The project also provided valuable lessons on managing overly specific topics, ensuring consistency in metadata, and maintaining a balance between specificity and generalization. These insights, combined with practical takeaways for adopting AI in FAQ systems, offer a replicable model for other libraries looking to improve their information systems.
As libraries continue to explore AI applications, this case study underscores the broader potential of Generative AI in areas beyond FAQ management, including cataloging, discovery systems, and virtual reference services. The successful outcomes of this project reflect the growing importance of AI in library technical services, demonstrating that, when thoughtfully implemented, AI can significantly enhance the accessibility and usability of library resources.

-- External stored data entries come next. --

text \<open>K_{k+1}-components: equivalence classes of copies of K_k.\<close>
definition clique_component :: "'a set \<Rightarrow> ('a \<Rightarrow> 'a \<Rightarrow> bool) \<Rightarrow> nat \<Rightarrow> 'a set set \<Rightarrow> bool" where
  "clique_component V E k C \<longleftrightarrow>
     (\<exists>t\<in>copies V E k. C = {t'. clique_connected V E k t t'})"

definition belongs_to :: "'a set \<Rightarrow> 'a set set \<Rightarrow> bool" where
  "belongs_to s C \<longleftrightarrow> (\<exists>t\<in>C. t \<subseteq> s)"

end

theory Submission
  imports Defs
begin

(* Write N(u) for the common neighbourhood of a copy u of K_k. Since C contains no K_{k+2},
   N(u) is independent for every u in C, so any clique meets it in at most one vertex.
   Counting non-neighbours gives |N(u)| >= n - k(n - delta) >= k delta - (k-1) n.
   Take a copy s = u + x of K_{k+1} in C and delete its vertices. Swapping a vertex of a
   member of C for one of its common neighbours stays in C, so some member of C avoids s;
   its component in G - s lies inside C, still has no K_{k+2}, and every |N(u)| drops by
   at most one. Induction on the lower bound for |N(u)| yields the disjoint copies. *)

definition share_clique :: "'a set \<Rightarrow> ('a \<Rightarrow> 'a \<Rightarrow> bool) \<Rightarrow> nat \<Rightarrow> 'a set \<Rightarrow> 'a set \<Rightarrow> bool" where
  "share_clique V E k a b \<longleftrightarrow> (\<exists>s\<in>copies V E (Suc k). a \<subseteq> s \<and> b \<subseteq> s)"

lemma clique_walk_iff_successively:
  "clique_walk V E k ts \<longleftrightarrow>
     ts \<noteq> [] \<and> set ts \<subseteq> copies V E k \<and> successively (share_clique V E k) ts"
  unfolding clique_walk_def share_clique_def successively_conv_nth ..

lemma clique_connected_refl:
  "t \<in> copies V E k \<Longrightarrow> clique_connected V E k t t"
  unfolding clique_connected_def clique_walk_iff_successively
  by (intro exI[of _ "[t]"]) simp

lemma clique_connected_step:
  "a \<in> copies V E k \<Longrightarrow> b \<in> copies V E k \<Longrightarrow> share_clique V E k a b \<Longrightarrow>
     clique_connected V E k a b"
  unfolding clique_connected_def clique_walk_iff_successively
  by (intro exI[of _ "[a, b]"]) simp

lemma clique_connected_trans:
  assumes "clique_connected V E k t u" and "clique_connected V E k u w"
  shows "clique_connected V E k t w"
proof -
  obtain xs where xs: "clique_walk V E k xs" "hd xs = t" "last xs = u"
    using assms(1) unfolding clique_connected_def by blast
  obtain ys where ys: "clique_walk V E k ys" "hd ys = u" "last ys = w"
    using assms(2) unfolding clique_connected_def by blast
  then obtain ys' where ys': "ys = u # ys'"
    by (cases ys) (auto simp: clique_walk_def)
  have "clique_walk V E k (xs @ ys')"
    using xs ys ys' by (auto simp: clique_walk_iff_successively successively_append_iff successively_Cons)
  moreover have "hd (xs @ ys') = t" "last (xs @ ys') = w"
    using xs ys ys' by (auto simp: clique_walk_def last_append)
  ultimately show ?thesis
    unfolding clique_connected_def by blast
qed

lemma copies_mono:
  "V' \<subseteq> V \<Longrightarrow> (\<And>x y. E' x y \<Longrightarrow> E x y) \<Longrightarrow> copies V' E' l \<subseteq> copies V E l"
  unfolding copies_def by blast

lemma clique_connected_mono:
  assumes "V' \<subseteq> V" and "\<And>x y. E' x y \<Longrightarrow> E x y" and "clique_connected V' E' k t u"
  shows "clique_connected V E k t u"
proof -
  have mono: "copies V' E' l \<subseteq> copies V E l" for l
    using assms(1,2) by (rule copies_mono)
  obtain ts where ts: "clique_walk V' E' k ts" "hd ts = t" "last ts = u"
    using assms(3) unfolding clique_connected_def by blast
  have "share_clique V E k a b" if "share_clique V' E' k a b" for a b
    using that mono unfolding share_clique_def by blast
  then have "clique_walk V E k ts"
    using ts(1) mono unfolding clique_walk_iff_successively
    by (blast intro: successively_mono)
  then show ?thesis
    using ts(2,3) unfolding clique_connected_def by blast
qed

lemma clique_component_subset_copies:
  "clique_component V E k C \<Longrightarrow> C \<subseteq> copies V E k"
  unfolding clique_component_def clique_connected_def clique_walk_def
  by (auto intro: last_in_set)

lemma clique_component_closed:
  assumes "clique_component V E k C" and "u \<in> C" and "clique_connected V E k u w"
  shows "w \<in> C"
  using assms clique_connected_trans unfolding clique_component_def by blast

lemma clique_component_nonempty:
  "clique_component V E k C \<Longrightarrow> C \<noteq> {}"
  unfolding clique_component_def using clique_connected_refl by blast

lemma clique_component_closed_share:
  assumes "clique_component V E k C" and "u \<in> C" and "w \<in> copies V E k"
    and "share_clique V E k u w"
  shows "w \<in> C"
  using assms clique_component_closed clique_component_subset_copies clique_connected_step
  by blast

definition induced_edges :: "('a \<Rightarrow> 'a \<Rightarrow> bool) \<Rightarrow> 'a set \<Rightarrow> 'a \<Rightarrow> 'a \<Rightarrow> bool" where
  "induced_edges E W x y \<longleftrightarrow> E x y \<and> x \<in> W \<and> y \<in> W"

lemma simple_graph_induced:
  "simple_graph V E \<Longrightarrow> W \<subseteq> V \<Longrightarrow> simple_graph W (induced_edges E W)"
  unfolding simple_graph_def induced_edges_def by (auto intro: finite_subset)

lemma copies_induced:
  "W \<subseteq> V \<Longrightarrow> copies W (induced_edges E W) l = {A \<in> copies V E l. A \<subseteq> W}"
  unfolding copies_def induced_edges_def by blast

lemma clique_component_induced:
  assumes "clique_component V E k C" and "t \<in> C" and "t \<subseteq> W" and "W \<subseteq> V"
  obtains C' where "clique_component W (induced_edges E W) k C'" and "C' \<subseteq> C"
proof
  let ?C' = "{t'. clique_connected W (induced_edges E W) k t t'}"
  have "t \<in> copies W (induced_edges E W) k"
    using assms clique_component_subset_copies copies_induced by blast
  then show "clique_component W (induced_edges E W) k ?C'"
    unfolding clique_component_def by blast
  have "clique_connected V E k t t'" if "clique_connected W (induced_edges E W) k t t'" for t'
    by (rule clique_connected_mono[OF assms(4) _ that]) (simp add: induced_edges_def)
  then show "?C' \<subseteq> C"
    using assms(1,2) clique_component_closed by blast
qed

definition common_nbhd :: "'a set \<Rightarrow> ('a \<Rightarrow> 'a \<Rightarrow> bool) \<Rightarrow> 'a set \<Rightarrow> 'a set" where
  "common_nbhd V E u = {x \<in> V. \<forall>y\<in>u. E x y}"

lemma common_nbhd_induced:
  "u \<subseteq> W \<Longrightarrow> W \<subseteq> V \<Longrightarrow> common_nbhd W (induced_edges E W) u = common_nbhd V E u \<inter> W"
  unfolding common_nbhd_def induced_edges_def by blast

Moving forward, Goldey-Beacom College Library’s experience with ChatGPT in optimizing FAQs sets the stage for further exploration of AI-driven solutions. Libraries that embrace these tools stand to benefit from improved user engagement, streamlined operations, and the ability to more effectively meet the evolving needs of their patrons.
Footnotes
Funding
The authors received no financial support for the research, authorship, and/or publication of this article.
Declaration of conflicting interests
The authors declared no potential conflicts of interest with respect to the research, authorship, and/or publication of this article.